**REQUIRED ACTION:** Your answer should be the lines of the data below that contain "define".
_ _ _
lemma cong_reflect_three_term:
  fixes V r :: "nat \<Rightarrow> int" and e q :: int
  assumes "2 \<le> p"
    and vanish: "\<And>j. p - 1 \<le> j \<Longrightarrow> V j = 0"
    and rec: "\<And>m. V m + (if 1 \<le> m then V (m - 1) else 0) + (if 2 \<le> m then V (m - 2) else 0) = r m"
    and reflect: "\<And>j. j \<le> p - 2 \<Longrightarrow> [r (p - j) = e * r j] (mod q)"
  shows "j \<le> p - 2 \<Longrightarrow> [V (p - 2 - j) = e * V j] (mod q)"
proof (induction j rule: less_induct)
  case (less j)
  define V1 where "V1 = (if 1 \<le> j then V (j - 1) else 0)"
  define V2 where "V2 = (if 2 \<le> j then V (j - 2) else 0)"
  have V1: "[V (p - j - 1) = e * V1] (mod q)"
  proof (cases "j = 0")
    case False
    then have "p - 2 - (j - 1) = p - j - 1" using less.prems by auto
    then show ?thesis using less.IH[of "j - 1"] less.prems False by (simp add: V1_def)
  qed (simp add: V1_def vanish)
  have V2: "[V (p - j) = e * V2] (mod q)"
  proof (cases "j \<le> 1")
    case False
    then have "p - 2 - (j - 2) = p - j" using less.prems by auto
    then show ?thesis using less.IH[of "j - 2"] less.prems False by (simp add: V2_def)
  qed (auto simp: V2_def vanish)
  have "2 \<le> p - j" "p - j - 2 = p - 2 - j" using less.prems \<open>2 \<le> p\<close> by auto
  then have "V (p - 2 - j) = r (p - j) - V (p - j - 1) - V (p - j)"
    using rec[of "p - j"] by simp
  moreover have "V j = r j - V1 - V2"
    using rec[of j] unfolding V1_def V2_def by simp
  moreover have "[r (p - j) - V (p - j - 1) - V (p - j) = e * (r j - V1 - V2)] (mod q)"
    unfolding right_diff_distrib using reflect[OF less.prems] V1 V2 by (intro cong_diff)
  ultimately show ?case by simp
qed

section \<open>The weights of the two congruences\<close>

definition w_odd :: "nat \<Rightarrow> int" where
  "w_odd x = (if x mod 6 \<in> {1, 2} then 1 else 0) - (if x mod 6 \<in> {4, 5} then 1 else 0)"

definition w_even :: "nat \<Rightarrow> int" where
  "w_even x = (if x mod 3 = 0 then (-1) ^ x else 0) - (if x mod 6 \<in> {2, 3, 4} then 2 else 0)"

lemma w_odd_0 [simp]: "w_odd 0 = 0" and w_even_0 [simp]: "w_even 0 = 1"
  and w_even_1 [simp]: "w_even 1 = 0"
  by (simp_all add: w_odd_def w_even_def)

lemma less_6_cases:
  assumes "(r :: nat) < 6"
  obtains "r = 0" | "r = 1" | "r = 2" | "r = 3" | "r = 4" | "r = 5"
  using assms by linarith

lemma w_odd_mod6: "w_odd x = w_odd (x mod 6)"
  by (simp add: w_odd_def)

lemma w_even_mod6: "w_even x = w_even (x mod 6)"
proof -
  have "x mod 6 mod 3 = x mod 3" "even (x mod 6) \<longleftrightarrow> even x"
    by (simp_all add: mod_mod_cancel even_iff_mod_2_eq_zero)
  then show ?thesis by (simp add: w_even_def minus_one_power_iff)
qed

lemma w_odd_rec: "w_odd (a + 2) = w_odd (a + 1) - w_odd a"
proof -
  have "w_odd (a + k) = w_odd (a mod 6 + k)" for k by (metis w_odd_mod6 mod_add_left_eq)
  moreover have "a mod 6 < 6" by simp
  then have "w_odd (a mod 6 + 2) = w_odd (a mod 6 + 1) - w_odd (a mod 6)"
    by (cases rule: less_6_cases) (simp_all add: w_odd_def)
  ultimately show ?thesis by (metis add_0_right)
qed

lemma w_even_rec: "w_even (a + 2) = w_even (a + 1) - w_even a - 1"
proof -
  have "w_even (a + k) = w_even (a mod 6 + k)" for k by (metis w_even_mod6 mod_add_left_eq)
  moreover have "a mod 6 < 6" by simp
  then have "w_even (a mod 6 + 2) = w_even (a mod 6 + 1) - w_even (a mod 6) - 1"
    by (cases rule: less_6_cases) (simp_all add: w_even_def)
  ultimately show ?thesis by (metis add_0_right)
qed

lemma prime_pred_mod_6:
  assumes "prime (p :: nat)" "3 < p"
  obtains "(p - 2) mod 6 = 5" "(p - 1) mod 6 = 0" | "(p - 2) mod 6 = 3" "(p - 1) mod 6 = 4"
proof -
  have "\<not> 2 dvd p" "\<not> 3 dvd p"
    using assms primes_dvd_imp_eq[of 2 p] primes_dvd_imp_eq[of 3 p] by auto
  then have mod_2_3: "p mod 6 mod 2 \<noteq> 0" "p mod 6 mod 3 \<noteq> 0"
    by (simp_all add: mod_mod_cancel dvd_eq_mod_eq_0)
  have "p = (p - 2) + 2" "p - 1 = (p - 2) + 1" using \<open>3 < p\<close> by auto
  then have shift: "p mod 6 = ((p - 2) mod 6 + 2) mod 6" "(p - 1) mod 6 = ((p - 2) mod 6 + 1) mod 6"
    by (metis mod_add_left_eq)+
  have "(p - 2) mod 6 < 6" by simp
  then show ?thesis using mod_2_3 shift that by (cases rule: less_6_cases) auto
qed

lemma w_odd_boundary:
  assumes "prime p" "3 \<le> p"
  shows "[w_odd 1 + w_odd (p - 2) + w_odd (p - 1) = 0] (mod int p)"
proof (cases "p = 3")
  case True
  then show ?thesis by (simp add: w_odd_def cong_def)
next
  case False
  with assms have "3 < p" by simp
  with \<open>prime p\<close> show ?thesis
    by (cases rule: prime_pred_mod_6)
       (simp_all only: w_odd_mod6[of "p - 2"] w_odd_mod6[of "p - 1"], simp_all add: w_odd_def)
qed

lemma w_even_boundary:
  assumes "prime p" "3 < p"
  shows "w_even (p - 2) - w_even (p - 1) = -1"
  using assms
  by (cases rule: prime_pred_mod_6)
     (simp_all only: w_even_mod6[of "p - 2"] w_even_mod6[of "p - 1"], simp_all add: w_even_def)

section \<open>Congruences modulo a prime\<close>

definition p_integral :: "nat \<Rightarrow> rat \<Rightarrow> bool" where
  "p_integral p q \<longleftrightarrow> (\<exists>a b. \<not> int p dvd b \<and> q = of_int a / of_int b)"

definition p_cong :: "nat \<Rightarrow> rat \<Rightarrow> rat \<Rightarrow> bool" where
  "p_cong p x y \<longleftrightarrow> (\<exists>c. p_integral p c \<and> x - y = of_nat p * c)"

lemma p_cong_iff_diff_0: "p_cong p x y \<longleftrightarrow> p_cong p (x - y) 0"
  by (simp add: p_cong_def)

context
  fixes p :: nat
  assumes prime_p: "prime p"
begin

lemma p_integral_of_int [simp]: "p_integral p (of_int z)"
  unfolding p_integral_def using prime_p
  by (intro exI[of _ z] exI[of _ 1]) (auto simp: prime_gt_1_nat)

lemma p_integral_0 [simp]: "p_integral p 0" and p_integral_1 [simp]: "p_integral p 1"
  using p_integral_of_int[of 0] p_integral_of_int[of 1] by simp_all

lemma p_integral_minus_one_power [simp]: "p_integral p ((-1) ^ k)"
  using p_integral_of_int[of "(-1) ^ k"] by simp

lemma p_integral_mult [intro]:
  assumes "p_integral p x" "p_integral p y"
  shows "p_integral p (x * y)"
proof -
  obtain a b c d where "\<not> int p dvd b" "x = of_int a / of_int b" "\<not> int p dvd d" "y = of_int c / of_int d"
    using assms unfolding p_integral_def by blast
  moreover have "\<not> int p dvd b * d" if "\<not> int p dvd b" "\<not> int p dvd d"
    using that prime_p prime_dvd_mult_iff[of "int p"] by auto
  ultimately show ?thesis unfolding p_integral_def by (intro exI[of _ "a * c"] exI[of _ "b * d"]) auto
qed

lemma p_integral_add [intro]:
  assumes "p_integral p x" "p_integral p y"
  shows "p_integral p (x + y)"
proof -
  obtain a b c d where ab: "\<not> int p dvd b" "x = of_int a / of_int b"
    and cd: "\<not> int p dvd d" "y = of_int c / of_int d"
    using assms unfolding p_integral_def by blast
  then have "\<not> int p dvd b * d" using prime_p prime_dvd_mult_iff[of "int p"] by auto
  moreover have "x + y = of_int (a * d + c * b) / of_int (b * d)"
  proof -
    have "b \<noteq> 0" "d \<noteq> 0" using ab(1) cd(1) by auto
    then show ?thesis using ab(2) cd(2) by (simp add: add_frac_eq)
  qed
  ultimately show ?thesis unfolding p_integral_def by blast
qed

lemma p_integral_minus [intro]: "p_integral p x \<Longrightarrow> p_integral p (- x)"
  using p_integral_mult[of "-1" x] p_integral_of_int[of "-1"] by simp

lemma p_integral_power [intro]: "p_integral p x \<Longrightarrow> p_integral p (x ^ k)"
  by (induction k) auto

lemma p_integral_inverse_of_nat:
  assumes "0 < s" "s < p"
  shows "p_integral p (1 / of_nat s)"
proof -
  have "\<not> int p dvd int s" using assms by (auto dest: zdvd_imp_le)
  then show ?thesis unfolding p_integral_def by (intro exI[of _ 1] exI[of _ "int s"]) auto
qed

lemma p_integral_inverse_power [simp]: "s \<in> {1..<p} \<Longrightarrow> p_integral p ((1 / of_nat s) ^ k)"
  by (intro p_integral_power p_integral_inverse_of_nat) auto

lemma p_cong_refl [simp]: "p_cong p x x"
  unfolding p_cong_def by (intro exI[of _ 0]) (auto simp: p_integral_of_int[of 0, simplified])

lemma p_cong_sym: "p_cong p x y \<Longrightarrow> p_cong p y x"
  unfolding p_cong_def by (metis minus_diff_eq mult_minus_right p_integral_minus)

lemma p_cong_trans [trans]:
  assumes "p_cong p x y" "p_cong p y z"
  shows "p_cong p x z"
proof -
  obtain c d where "p_integral p c" "x - y = of_nat p * c" "p_integral p d" "y - z = of_nat p * d"
    using assms unfolding p_cong_def by blast
  then show ?thesis unfolding p_cong_def by (intro exI[of _ "c + d"]) (auto simp: algebra_simps)
qed

lemma p_cong_add:
  assumes "p_cong p x y" "p_cong p u v"
  shows "p_cong p (x + u) (y + v)"
proof -
  obtain c d where "p_integral p c" "x - y = of_nat p * c" "p_integral p d" "u - v = of_nat p * d"
    using assms unfolding p_cong_def by blast
  then show ?thesis unfolding p_cong_def by (intro exI[of _ "c + d"]) (auto simp: algebra_simps)
qed

lemma p_cong_mult_left:
  assumes "p_integral p a" "p_cong p x y"
  shows "p_cong p (a * x) (a * y)"
proof -
  obtain c where "p_integral p c" "x - y = of_nat p * c"
    using assms unfolding p_cong_def by blast
  then have "a * x - a * y = of_nat p * (a * c)" by (metis mult.left_commute right_diff_distrib)
  then show ?thesis unfolding p_cong_def using assms(1) \<open>p_integral p c\<close> by blast
qed

lemma p_cong_mult:
  assumes "p_integral p u" "p_integral p y" "p_cong p x y" "p_cong p u v"
  shows "p_cong p (x * u) (y * v)"
proof -
  have "p_cong p (x * u) (y * u)"
    using p_cong_mult_left[OF assms(1,3)] by (simp add: mult.commute)
  also have "p_cong p (y * u) (y * v)" using assms(2,4) by (rule p_cong_mult_left)
  finally show ?thesis .
qed

lemma p_cong_sum: "(\<And>i. i \<in> A \<Longrightarrow> p_cong p (f i) (g i)) \<Longrightarrow> p_cong p (sum f A) (sum g A)"
  by (induction A rule: infinite_finite_induct) (auto intro: p_cong_add)

lemma p_cong_power: "p_integral p x \<Longrightarrow> p_integral p y \<Longrightarrow> p_cong p x y \<Longrightarrow> p_cong p (x ^ k) (y ^ k)"
  by (induction k) (auto intro: p_cong_mult)

lemma p_cong_of_int:
  assumes "[a = b] (mod int p)"
  shows "p_cong p (of_int a) (of_int b)"
proof -
  obtain k where "a - b = int p * k"
    using assms by (metis cong_iff_dvd_diff dvd_def)
  then have "of_int a - of_int b = (of_nat p :: rat) * of_int k"
    by (metis of_int_diff of_int_mult of_int_of_nat_eq)
  then show ?thesis unfolding p_cong_def by (intro exI[of _ "of_int k"]) auto
qed

lemma p_cong_imp_rat_cong:
  assumes "p_cong p x y"
  shows "rat_cong x y (int p)"
proof -
  obtain a b where ab: "\<not> int p dvd b" "x - y = of_nat p * (of_int a / of_int b)"
    using assms unfolding p_cong_def p_integral_def by blast
  obtain n d where nd: "quotient_of (x - y) = (n, d)" by (cases "quotient_of (x - y)")
  have "d > 0" using quotient_of_denom_pos[OF nd] .
  moreover have "b \<noteq> 0" using ab by auto
  moreover have "of_int n / of_int d = (of_nat p :: rat) * (of_int a / of_int b)"
    using quotient_of_div[OF nd] ab by simp
  ultimately have "of_int (n * b) = (of_int (int p * a * d) :: rat)"
    by (simp add: field_simps)
  then have "n * b = int p * a * d" by (simp only: of_int_eq_iff)
  then have "int p dvd n * b" by (metis dvd_triv_left mult.assoc)
  then have "int p dvd n" using ab prime_p prime_dvd_mult_iff[of "int p"] by auto
  then show ?thesis unfolding rat_cong_def using nd by simp
qed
_ _ _
**ANSWER SPACE:**
  define V1 where "V1 = (if 1 \<le> j then V (j - 1) else 0)"
  define V2 where "V2 = (if 2 \<le> j then V (j - 2) else 0)"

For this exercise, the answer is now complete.